The Do’s and Don’ts of Starting Baby Solids

  • Does starting  baby solids kind of scare you?
  • Your baby’s been on the breast or bottle since her first day, and now you’re supposed to give her spoons of what? Real food?
  • Eventually we all eat real meals, so your baby needs to start sometime.
  • Even though we’re made to eat, the transition from liquids-only to a mix that includes solids is stressful – for everyone involved.
  • That said, arming yourself with some background knowledge can ease your anxieties and even make feeding fun!

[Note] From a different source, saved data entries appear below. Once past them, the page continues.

(* Let $G$ be a finite simple connected graph, let $S\subseteq V(G)$ with $|S|\geq 2$, and let $T_1,\dots,T_k$ ($k\geq 2$) be $S$-Steiner trees in $G$. Then $T_1,\dots,T_k$ are completely independent $S$-Steiner trees if and only if they are pairwise edge-disjoint and, for every vertex $w\in V(G)$, there is at most one index $i$ with $d_{T_i}(w)>1$.
   Context: For $S\subseteq V(G)$ with $|S|\ge 2$, an $S$-Steiner tree of $G$ is a subtree $T$ of $G$ with $S\subseteq V(T)$ all of whose leaves belong to $S$. $S$-Steiner trees $T_1,\dots,T_k$ are called completely independent $S$-Steiner trees (CISSTs) if for all $1\le p<q\le k$: $E(T_p)\cap E(T_q)=\emptyset$, $V(T_p)\cap V(T_q)=S$, and for any two vertices $x_1,x_2\in S$ the $(x_1,x_2)$-paths in $T_p$ and in $T_q$ are internally disjoint. $d_{T}(w)$ denotes the degree of $w$ in $T$ (taken to be $0$ if $w\notin V(T)$). *)

theory Defs
  imports Main
begin

definition simple_graph :: "'a set \<Rightarrow> 'a set set \<Rightarrow> bool" where
  "simple_graph V E \<longleftrightarrow> finite V \<and>
     (\<forall>e\<in>E. \<exists>u v. e = {u, v} \<and> u \<noteq> v \<and> u \<in> V \<and> v \<in> V)"

definition is_path :: "'a set \<Rightarrow> 'a set set \<Rightarrow> 'a list \<Rightarrow> bool" where
  "is_path V E p \<longleftrightarrow> p \<noteq> [] \<and> distinct p \<and> set p \<subseteq> V \<and>
     (\<forall>i. Suc i < length p \<longrightarrow> {p ! i, p ! Suc i} \<in> E)"

definition connected_graph :: "'a set \<Rightarrow> 'a set set \<Rightarrow> bool" where
  "connected_graph V E \<longleftrightarrow> V \<noteq> {} \<and>
     (\<forall>u\<in>V. \<forall>v\<in>V. \<exists>p. is_path V E p \<and> hd p = u \<and> last p = v)"

definition has_cycle :: "'a set \<Rightarrow> 'a set set \<Rightarrow> bool" where
  "has_cycle V E \<longleftrightarrow> (\<exists>p. is_path V E p \<and> 3 \<le> length p \<and> {last p, hd p} \<in> E)"

definition is_tree :: "'a set \<Rightarrow> 'a set set \<Rightarrow> bool" where
  "is_tree V E \<longleftrightarrow> simple_graph V E \<and> connected_graph V E \<and> \<not> has_cycle V E"

definition degree :: "'a set set \<Rightarrow> 'a \<Rightarrow> nat" where
  "degree E w = card {e \<in> E. w \<in> e}"

definition steiner_tree :: "'a set \<Rightarrow> 'a set set \<Rightarrow> 'a set \<Rightarrow> 'a set \<Rightarrow> 'a set set \<Rightarrow> bool" where
  "steiner_tree V E S VT ET \<longleftrightarrow> VT \<subseteq> V \<and> ET \<subseteq> E \<and> is_tree VT ET \<and> S \<subseteq> VT \<and>
     (\<forall>v\<in>VT. degree ET v = 1 \<longrightarrow> v \<in> S)"

text \<open>Completely independent S-Steiner trees T_0,...,T_{k-1}, where T_i = (VT i, ET i).
Internally disjoint (x1,x2)-paths: they share no vertex other than x1, x2.\<close>
definition CISST :: "'a set \<Rightarrow> 'a set set \<Rightarrow> 'a set \<Rightarrow> nat \<Rightarrow> (nat \<Rightarrow> 'a set) \<Rightarrow> (nat \<Rightarrow> 'a set set) \<Rightarrow> bool" where
  "CISST V E S k VT ET \<longleftrightarrow>
     (\<forall>i<k. steiner_tree V E S (VT i) (ET i)) \<and>
     (\<forall>p<k. \<forall>q<k. p < q \<longrightarrow>
        ET p \<inter> ET q = {} \<and> VT p \<inter> VT q = S \<and>
        (\<forall>x1\<in>S. \<forall>x2\<in>S. \<forall>P Q.
            is_path (VT p) (ET p) P \<and> hd P = x1 \<and> last P = x2 \<and>
            is_path (VT q) (ET q) Q \<and> hd Q = x1 \<and> last Q = x2
            \<longrightarrow> set P \<inter> set Q \<subseteq> {x1, x2}))"

end

theory Submission
  imports Defs
begin

(* A vertex w of degree at least 2 in an S-Steiner tree separates two terminals: each of its
   edges extends to a path ending in a leaf, and leaves lie in S. If w has degree at least 2 in
   two trees, a choice among three such terminals gives x, y in S separated by w in both trees,
   so the two (x,y)-paths share the inner vertex w. Conversely, a common non-terminal vertex,
   or a common inner vertex of two terminal paths, has degree at least 2 in both trees. *)

lemma is_path_Nil [simp]: "\<not> is_path V E []"
  by (simp add: is_path_def)

lemma is_path_singleton [simp]: "is_path V E [x] \<longleftrightarrow> x \<in> V"
  by (simp add: is_path_def)

lemma is_path_Cons_Cons [simp]:
  "is_path V E (x # y # xs) \<longleftrightarrow>
     x \<in> V \<and> {x, y} \<in> E \<and> x \<notin> set (y # xs) \<and> is_path V E (y # xs)"
  unfolding is_path_def by (auto simp: nth_Cons split: nat.splits)

lemma is_path_append:
  assumes "xs \<noteq> []" "ys \<noteq> []"
  shows "is_path V E (xs @ ys) \<longleftrightarrow>
    is_path V E xs \<and> is_path V E ys \<and> {last xs, hd ys} \<in> E \<and> set xs \<inter> set ys = {}"
  using assms
proof (induction xs rule: induct_list012)
  case (2 x)
  then show ?case by (cases ys) auto
qed auto

lemma is_path_rev [simp]: "is_path V E (rev xs) \<longleftrightarrow> is_path V E xs"
proof (induction xs rule: induct_list012)
  case (3 x y zs)
  then show ?case
    using is_path_append[of "rev zs @ [y]" "[x]" V E] by (auto simp: insert_commute)
qed auto

lemma is_path_appendD1: "is_path V E (xs @ ys) \<Longrightarrow> xs \<noteq> [] \<Longrightarrow> is_path V E xs"
  by (cases "ys = []") (auto simp: is_path_append)

lemma is_path_appendD2: "is_path V E (xs @ ys) \<Longrightarrow> ys \<noteq> [] \<Longrightarrow> is_path V E ys"
  by (cases "xs = []") (auto simp: is_path_append)

lemma simple_graph_finite_edges: "simple_graph V E \<Longrightarrow> finite E"
  unfolding simple_graph_def
  by (rule finite_subset[of E "Pow V"]) auto

lemma simple_graph_edgeD: "simple_graph V E \<Longrightarrow> {x, y} \<in> E \<Longrightarrow> x \<noteq> y \<and> x \<in> V \<and> y \<in> V"
  unfolding simple_graph_def by (metis doubleton_eq_iff insertI1)

lemma simple_graph_incident_edge:
  assumes "simple_graph V E" "e \<in> E" "w \<in> e"
  obtains u where "e = {w, u}"
  using assms unfolding simple_graph_def by (metis insert_commute insertE singletonD)

lemma degree_pos_iff:
  assumes "simple_graph V E"
  shows "0 < degree E w \<longleftrightarrow> (\<exists>u. {w, u} \<in> E)"
proof -
  have "finite {e \<in> E. w \<in> e}"
    using simple_graph_finite_edges[OF assms] by simp
  then show ?thesis
    unfolding degree_def using simple_graph_incident_edge[OF assms]
    by (auto simp: card_gt_0_iff) metis
qed

lemma one_less_degree_iff:
  assumes "simple_graph V E"
  shows "1 < degree E w \<longleftrightarrow> (\<exists>a b. a \<noteq> b \<and> {w, a} \<in> E \<and> {w, b} \<in> E)"
proof -
  have "finite {e \<in> E. w \<in> e}"
    using simple_graph_finite_edges[OF assms] by simp
  then have "1 < degree E w \<longleftrightarrow> (\<exists>e1\<in>E. \<exists>e2\<in>E. w \<in> e1 \<and> w \<in> e2 \<and> e1 \<noteq> e2)"
    unfolding degree_def by (auto simp: card_le_Suc0_iff_eq not_le[symmetric])
  also have "\<dots> \<longleftrightarrow> (\<exists>a b. a \<noteq> b \<and> {w, a} \<in> E \<and> {w, b} \<in> E)"
  proof
    assume "\<exists>e1\<in>E. \<exists>e2\<in>E. w \<in> e1 \<and> w \<in> e2 \<and> e1 \<noteq> e2"
    then obtain e1 e2 where "e1 \<in> E" "e2 \<in> E" "w \<in> e1" "w \<in> e2" "e1 \<noteq> e2" by blast
    then show "\<exists>a b. a \<noteq> b \<and> {w, a} \<in> E \<and> {w, b} \<in> E"
      using simple_graph_incident_edge[OF assms] by metis
  next
    assume "\<exists>a b. a \<noteq> b \<and> {w, a} \<in> E \<and> {w, b} \<in> E"
    then show "\<exists>e1\<in>E. \<exists>e2\<in>E. w \<in> e1 \<and> w \<in> e2 \<and> e1 \<noteq> e2"
      by (metis doubleton_eq_iff insertI1)
  qed
  finally show ?thesis .
qed

lemma one_less_degree_in_vertices: "simple_graph V E \<Longrightarrow> 1 < degree E w \<Longrightarrow> w \<in> V"
  by (metis one_less_degree_iff simple_graph_edgeD)
(* Suppose there is $x_0\in\mathbb{R}$ such that $k^2$ is continuous, nonincreasing on $(-\infty,x_0]$ and nondecreasing on $[x_0,\infty)$, with minimum value $k^2_{\min}=k^2(x_0)$ (which may be negative). Let $\Delta>0$ satisfy $k^2_{\min}\le\Delta^2\le\min\{k_{+\infty}^2,k_{-\infty}^2\}$. Then $$T\ \ge\ \mathrm{sech}^2\left\{\frac12\ln\frac{k_{+\infty}k_{-\infty}}{\Delta^2}+\frac{1}{2\Delta}\int_{\{x:\,k^2(x)<\Delta^2\}}\big(\Delta^2-k^2\big)\,\mathrm{d}x\right\}.$$
   Context: Standing setup: $k^2:\mathbb{R}\to\mathbb{R}$ is a piecewise continuous function (it may be negative somewhere) with $k^2(x)\to k_{\pm\infty}^2$ as $x\to\pm\infty$, where $k_{\pm\infty}>0$ and $k^2-k_{\pm\infty}^2$ is integrable near $\pm\infty$. For the equation $u''+k^2(x)u=0$ there is a solution with $u(x)=e^{ik_{-\infty}x}+r\,e^{-ik_{-\infty}x}+o(1)$ as $x\to-\infty$ and $u(x)=\tau\,e^{ik_{+\infty}x}+o(1)$ as $x\to+\infty$; the transmission probability is $T=(k_{+\infty}/k_{-\infty})|\tau|^2$. Here $\mathrm{sech}=1/\cosh$. *)

theory Defs
  imports "HOL-Analysis.Analysis"
begin

definition sech :: "real \<Rightarrow> real" where
  "sech x = 1 / cosh x"

end

theory Submission
  imports Defs
begin

text \<open>
  For a solution \<open>u\<close> of \<open>u'' = - k2 u\<close> and a reference wave number \<open>c > 0\<close> consider the wave
  energy \<open>E_c = (|c u - i u'| + |c u + i u'|)\<^sup>2 / (4 c)\<close>; for a plane-wave superposition
  \<open>u = A e\<^sup>i\<^sup>c\<^sup>x + B e\<^sup>-\<^sup>i\<^sup>c\<^sup>x\<close> it equals \<open>c (|A| + |B|)\<^sup>2\<close>.  The proof rests on three estimates:
  (1) a Gronwall inequality: on an interval where \<open>|k2 - c\<^sup>2| \<le> c \<phi>\<close> the energy grows by at most
      the factor \<open>exp (\<integral> \<phi>)\<close>;
  (2) changing the reference wave number from \<open>c\<close> to \<open>c'\<close> costs at most the factor \<open>max (c'/c) (c/c')\<close>;
  (3) the asymptotics of \<open>u\<close> identify the energy at \<open>-\<infinity>\<close> as \<open>km (1 + |r|)\<^sup>2\<close> and at \<open>+\<infinity>\<close> as
      \<open>kp |\<tau>|\<^sup>2\<close>, and conservation of the current gives \<open>kp |\<tau>|\<^sup>2 = km (1 - |r|\<^sup>2)\<close>.
  Measuring the energy with the local wave number \<open>sqrt (max \<Delta>\<^sup>2 k2)\<close>, which is monotone on both
  sides of the well, and chaining (1) and (2) along fine partitions yields
  \<open>km (1 + |r|)\<^sup>2 \<le> kp |\<tau>|\<^sup>2 e\<^sup>2\<^sup>\<Theta>\<close>, where \<open>\<Theta>\<close> is the argument of \<open>sech\<close> in the theorem.  Together
  with the flux balance this says \<open>|r| \<le> tanh \<Theta>\<close>, i.e. \<open>T = 1 - |r|\<^sup>2 \<ge> sech\<^sup>2 \<Theta>\<close>.
\<close>

text \<open>Writing \<open>u = A e\<^sup>i\<^sup>c\<^sup>t + B e\<^sup>-\<^sup>i\<^sup>c\<^sup>t\<close> locally, \<open>c z - i w = 2 c A e\<^sup>i\<^sup>c\<^sup>t\<close> and
  \<open>c z + i w = 2 c B e\<^sup>-\<^sup>i\<^sup>c\<^sup>t\<close>, so the energy is \<open>c (|A| + |B|)\<^sup>2\<close>.\<close>
definition wave_energy :: "real \<Rightarrow> complex \<Rightarrow> complex \<Rightarrow> real" where
  "wave_energy c z w = (cmod (of_real c * z - \<i> * w) + cmod (of_real c * z + \<i> * w))\<^sup>2 / (4 * c)"

lemma wave_energy_nonneg: "c > 0 \<Longrightarrow> wave_energy c z w \<ge> 0"
  unfolding wave_energy_def by simp

text \<open>Parallelogram law and \<open>(c z - i w) (c z + i w) = c\<^sup>2 z\<^sup>2 + w\<^sup>2\<close> give a closed form in which
  the dependence on \<open>c\<close> is explicit.\<close>
lemma wave_energy_product_form:
  assumes "c > 0"
  shows "wave_energy c z w = (c\<^sup>2 * (cmod z)\<^sup>2 + (cmod w)\<^sup>2 + cmod (of_real (c\<^sup>2) * z\<^sup>2 + w\<^sup>2)) / (2 * c)"
proof -
  define a where "a = cmod (of_real c * z - \<i> * w)"
  define b where "b = cmod (of_real c * z + \<i> * w)"
  have parallelogram: "a\<^sup>2 + b\<^sup>2 = 2 * (c\<^sup>2 * (cmod z)\<^sup>2 + (cmod w)\<^sup>2)"
    unfolding a_def b_def cmod_power2 by (simp add: power2_eq_square algebra_simps)
  have "(of_real c * z - \<i> * w) * (of_real c * z + \<i> * w) = of_real (c\<^sup>2) * z\<^sup>2 + w\<^sup>2"
    by (simp add: power2_eq_square algebra_simps)
  hence product: "a * b = cmod (of_real (c\<^sup>2) * z\<^sup>2 + w\<^sup>2)"
    unfolding a_def b_def by (metis norm_mult)
  have "wave_energy c z w = (a\<^sup>2 + b\<^sup>2 + 2 * (a * b)) / (4 * c)"
    unfolding wave_energy_def a_def b_def by algebra
  thus ?thesis unfolding parallelogram product using assms by (simp add: field_simps)
qed

lemma wave_energy_scale:
  assumes c: "0 < c" and cc': "c \<le> c'"
  shows "wave_energy c z w \<le> (c' / c) * wave_energy c' z w"
    and "wave_energy c' z w \<le> (c' / c) * wave_energy c z w"
proof -
  define N where "N = (\<lambda>s. s\<^sup>2 * (cmod z)\<^sup>2 + (cmod w)\<^sup>2 + cmod (of_real (s\<^sup>2) * z\<^sup>2 + w\<^sup>2))"
  have c': "0 < c'" using c cc' by simp
  have E: "wave_energy s z w = N s / (2 * s)" if "s > 0" for s
    unfolding N_def using wave_energy_product_form[OF that] .
  define t where "t = (c' / c)\<^sup>2"
  have t1: "1 \<le> t" unfolding t_def using c cc' by simp
  have ct: "c'\<^sup>2 = t * c\<^sup>2" unfolding t_def using c by (simp add: power_divide)
  have "N c \<le> N c'"
  proof -
    have eq: "of_real (c\<^sup>2) * z\<^sup>2 + w\<^sup>2 = (of_real (c'\<^sup>2) * z\<^sup>2 + w\<^sup>2) - of_real (c'\<^sup>2 - c\<^sup>2) * z\<^sup>2"
      by (simp add: algebra_simps)
    have "cmod (of_real (c'\<^sup>2 - c\<^sup>2) * z\<^sup>2) = (c'\<^sup>2 - c\<^sup>2) * (cmod z)\<^sup>2"
      using cc' c by (subst norm_mult, subst norm_of_real) (simp add: norm_power power_mono)
    hence "cmod (of_real (c\<^sup>2) * z\<^sup>2 + w\<^sup>2) \<le> cmod (of_real (c'\<^sup>2) * z\<^sup>2 + w\<^sup>2) + (c'\<^sup>2 - c\<^sup>2) * (cmod z)\<^sup>2"
      by (metis eq norm_triangle_ineq4)
    thus ?thesis unfolding N_def by (simp add: algebra_simps)
  qed
  moreover have "N c' \<le> t * N c"
  proof -
    have eq: "of_real (c'\<^sup>2) * z\<^sup>2 + w\<^sup>2 = of_real t * (of_real (c\<^sup>2) * z\<^sup>2 + w\<^sup>2) - of_real (t - 1) * w\<^sup>2"
      unfolding ct by (simp add: algebra_simps)
    have "cmod (of_real t * (of_real (c\<^sup>2) * z\<^sup>2 + w\<^sup>2)) = t * cmod (of_real (c\<^sup>2) * z\<^sup>2 + w\<^sup>2)"
      and "cmod (of_real (t - 1) * w\<^sup>2) = (t - 1) * (cmod w)\<^sup>2"
      using t1 by (simp_all only: norm_mult norm_of_real norm_power)
    hence "cmod (of_real (c'\<^sup>2) * z\<^sup>2 + w\<^sup>2) \<le> t * cmod (of_real (c\<^sup>2) * z\<^sup>2 + w\<^sup>2) + (t - 1) * (cmod w)\<^sup>2"
      by (metis eq norm_triangle_ineq4)
    thus ?thesis unfolding N_def ct by (simp add: algebra_simps)
  qed
  moreover have "N c \<ge> 0" unfolding N_def by simp
  ultimately show "wave_energy c z w \<le> (c' / c) * wave_energy c' z w"
    and "wave_energy c' z w \<le> (c' / c) * wave_energy c z w"
    unfolding E[OF c] E[OF c'] t_def using c c' by (simp_all add: field_simps power2_eq_square)
qed

lemma wave_energy_rescale:
  assumes "c > 0" "c' > 0"
  shows "wave_energy c' z w \<le> exp \<bar>ln c' - ln c\<bar> * wave_energy c z w"
proof (cases "c \<le> c'")
  case True
  hence "exp \<bar>ln c' - ln c\<bar> = c' / c" using assms by (simp add: exp_diff)
  thus ?thesis using wave_energy_scale(2)[OF assms(1) True] by simp
next
  case False
  hence "exp \<bar>ln c' - ln c\<bar> = c / c'" using assms by (simp add: exp_diff)
  thus ?thesis using wave_energy_scale(1)[OF assms(2)] False by simp
qed

text \<open>The square roots are regularized by \<open>\<epsilon> > 0\<close> to make them differentiable.\<close>
lemma sqrt_sum_gronwall_regularized:
  fixes f g f' g' \<phi> :: "real \<Rightarrow> real" and a b \<epsilon> :: real
  assumes df: "\<And>t. (f has_real_derivative f' t) (at t)"
    and dg: "\<And>t. (g has_real_derivative g' t) (at t)"
    and f0: "\<And>t. f t \<ge> 0" and g0: "\<And>t. g t \<ge> 0"
    and phi: "continuous_on UNIV \<phi>" and ab: "a \<le> b" and eps: "\<epsilon> > 0"
    and phi0: "\<And>t. t \<in> {a..b} \<Longrightarrow> \<phi> t \<ge> 0"
    and f'_bound: "\<And>t. t \<in> {a..b} \<Longrightarrow> \<bar>f' t\<bar> \<le> \<phi> t * sqrt (f t * g t)"
    and g'_bound: "\<And>t. t \<in> {a..b} \<Longrightarrow> \<bar>g' t\<bar> \<le> \<phi> t * sqrt (f t * g t)"
  shows "sqrt (f a + \<epsilon>) + sqrt (g a + \<epsilon>) \<le>
         (sqrt (f b + \<epsilon>) + sqrt (g b + \<epsilon>)) * exp (integral {a..b} \<phi> / 2)"
proof -
  define s1 where "s1 = (\<lambda>t. sqrt (f t + \<epsilon>))"
  define s2 where "s2 = (\<lambda>t. sqrt (g t + \<epsilon>))"
  define I where "I = (\<lambda>x. integral {a-1..x} \<phi>)"
  define H where "H = (\<lambda>t. (s1 t + s2 t) * exp (I t / 2))"
  have s1_pos: "s1 t > 0" and s2_pos: "s2 t > 0" for t
    unfolding s1_def s2_def using f0[of t] g0[of t] eps by simp_all
  have ds1: "(s1 has_real_derivative f' t / (2 * s1 t)) (at t)" for t
    unfolding s1_def using df[of t] f0[of t] eps
    by (auto intro!: derivative_eq_intros simp: add_nonneg_pos) (simp add: field_simps)
  have ds2: "(s2 has_real_derivative g' t / (2 * s2 t)) (at t)" for t
    unfolding s2_def using dg[of t] g0[of t] eps
    by (auto intro!: derivative_eq_intros simp: add_nonneg_pos) (simp add: field_simps)
  have dI: "(I has_real_derivative \<phi> t) (at t)" if "t \<in> {a..b}" for t
  proof -
    have "(I has_real_derivative \<phi> t) (at t within {a-1..b+1})"
      unfolding I_def using that by (intro integral_has_real_derivative continuous_on_subset[OF phi]) auto
    moreover have "at t within {a-1..b+1} = at t" using that by (intro at_within_interior) auto
    ultimately show ?thesis by simp
  qed
  text \<open>Since \<open>sqrt (f t * g t) \<le> s1 t * s2 t\<close>, each square root decreases at most at rate \<open>\<phi>/2\<close>
    times the other one, so \<open>(s1 + s2) * exp (I / 2)\<close> is nondecreasing.\<close>
  have H_mono: "H a \<le> H b"
  proof (rule DERIV_nonneg_imp_nondecreasing[OF ab])
    fix t assume "a \<le> t" "t \<le> b"
    hence tab: "t \<in> {a..b}" by simp
    have fg: "sqrt (f t * g t) \<le> s1 t * s2 t"
      unfolding s1_def s2_def real_sqrt_mult[symmetric] using f0[of t] g0[of t] eps
      by (intro real_sqrt_le_mono mult_mono) auto
    have "- f' t \<le> \<phi> t * (s1 t * s2 t)"
      using f'_bound[OF tab] mult_left_mono[OF fg phi0[OF tab]] by linarith
    hence f'_low: "f' t / (2 * s1 t) \<ge> - (\<phi> t / 2 * s2 t)"
      using s1_pos[of t] by (simp add: field_simps)
    have "- g' t \<le> \<phi> t * (s1 t * s2 t)"
      using g'_bound[OF tab] mult_left_mono[OF fg phi0[OF tab]] by linarith
    hence g'_low: "g' t / (2 * s2 t) \<ge> - (\<phi> t / 2 * s1 t)"
      using s2_pos[of t] by (simp add: field_simps)
    have dH: "(H has_real_derivative (f' t / (2 * s1 t) + g' t / (2 * s2 t)) * exp (I t / 2)
        + (s1 t + s2 t) * (exp (I t / 2) * (\<phi> t / 2))) (at t)"
      unfolding H_def by (auto intro!: derivative_eq_intros ds1 ds2 dI[OF tab] simp: algebra_simps)
    moreover have "0 \<le> (f' t / (2 * s1 t) + g' t / (2 * s2 t)) * exp (I t / 2)
        + (s1 t + s2 t) * (exp (I t / 2) * (\<phi> t / 2))"
    proof -
      have "(s1 t + s2 t) * (\<phi> t / 2) = \<phi> t / 2 * s1 t + \<phi> t / 2 * s2 t"
        by (simp add: algebra_simps)
      hence "0 \<le> f' t / (2 * s1 t) + g' t / (2 * s2 t) + (s1 t + s2 t) * (\<phi> t / 2)"
        using f'_low g'_low by linarith
      hence "0 \<le> (f' t / (2 * s1 t) + g' t / (2 * s2 t) + (s1 t + s2 t) * (\<phi> t / 2)) * exp (I t / 2)"
        by simp
      thus ?thesis by (simp add: algebra_simps)
    qed
    ultimately show "\<exists>y. (H has_real_derivative y) (at t) \<and> 0 \<le> y" by blast
  qed
  have "I b = I a + integral {a..b} \<phi>"
    unfolding I_def using ab
    by (intro Henstock_Kurzweil_Integration.integral_combine[symmetric]
        integrable_continuous_real continuous_on_subset[OF phi]) auto
  hence "H b = (s1 b + s2 b) * exp (integral {a..b} \<phi> / 2) * exp (I a / 2)"
    unfolding H_def by (simp add: add_divide_distrib exp_add mult.commute mult.left_commute)
  with H_mono have "(s1 a + s2 a) * exp (I a / 2) \<le> (s1 b + s2 b) * exp (integral {a..b} \<phi> / 2) * exp (I a / 2)"
    unfolding H_def by simp
  thus ?thesis unfolding s1_def s2_def by (simp only: mult_le_cancel_right_pos[OF exp_gt_zero])
qed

Check out these do’s and don’ts for a few practical tips on starting solids.

Do:

  • Make sure that your baby is ready. As a new mum you might not have a clue as to when solids should start. Your baby’s doctor can give you the professional low-down on the medical facts on feeding. Along with that, you also need to wait until your baby is developmentally mature enough to begin. According to the Government of South Australia and Women’s and Children’s Hospital, signs to look for include your baby holding his head up on his own and sitting without support, the ability for your baby to control his tongue, interest in eating (or whatever other people are eating) and seeming hungry after a breast or bottle feeding.
  • Wait until your baby is roughly 6-months. This is typically the time when he’s developmentally ready to start solids. Keep in mind, ‘typically’ doesn’t equal everybody. Some babies run on their own schedules, meaning that they might take longer to start than others.
  • Look to see if your baby can actually chew. You might want to pull your hair out every time that she mouths a board book, but chomping down on everything around her shows you what her not-so-mature mouth can do.
  • Start slowly. Give your baby one to two teaspoons of a new food at a time. Begin with pureed foods that are bland to the taste buds.
  • Move on to chunky choices by 9-months. This doesn’t mean that you should offer heavily textured foods. Instead offer lumpier foods such as a pressed avocado or smooshed banana.
  • Continue giving your baby breast milk or formula until he is at least 12 months.

Don’t:

  • Add solids to your baby’s bottle. Shying away from solids at first isn’t a major catastrophe. Never try to entice him into eating by mixing cereal or another food with his liquid diet.
  • Leave him unattended. Never, ever, ever (did I emphasize ever enough yet?) leave your child unsupervised while he’s eating. This doesn’t mean that you must be two0inches from his face at all times. Simply sit within arms’ reach or stand where you can clearly see his face.
  • Stop trying. It’s likely that your baby won’t like every food on the first try. This doesn’t mean that you give up and promptly switch to something new. If he makes a funny face when you spoon up the carrots, keep trying. Re-introduce the food and give him more opportunities to fall in love with it!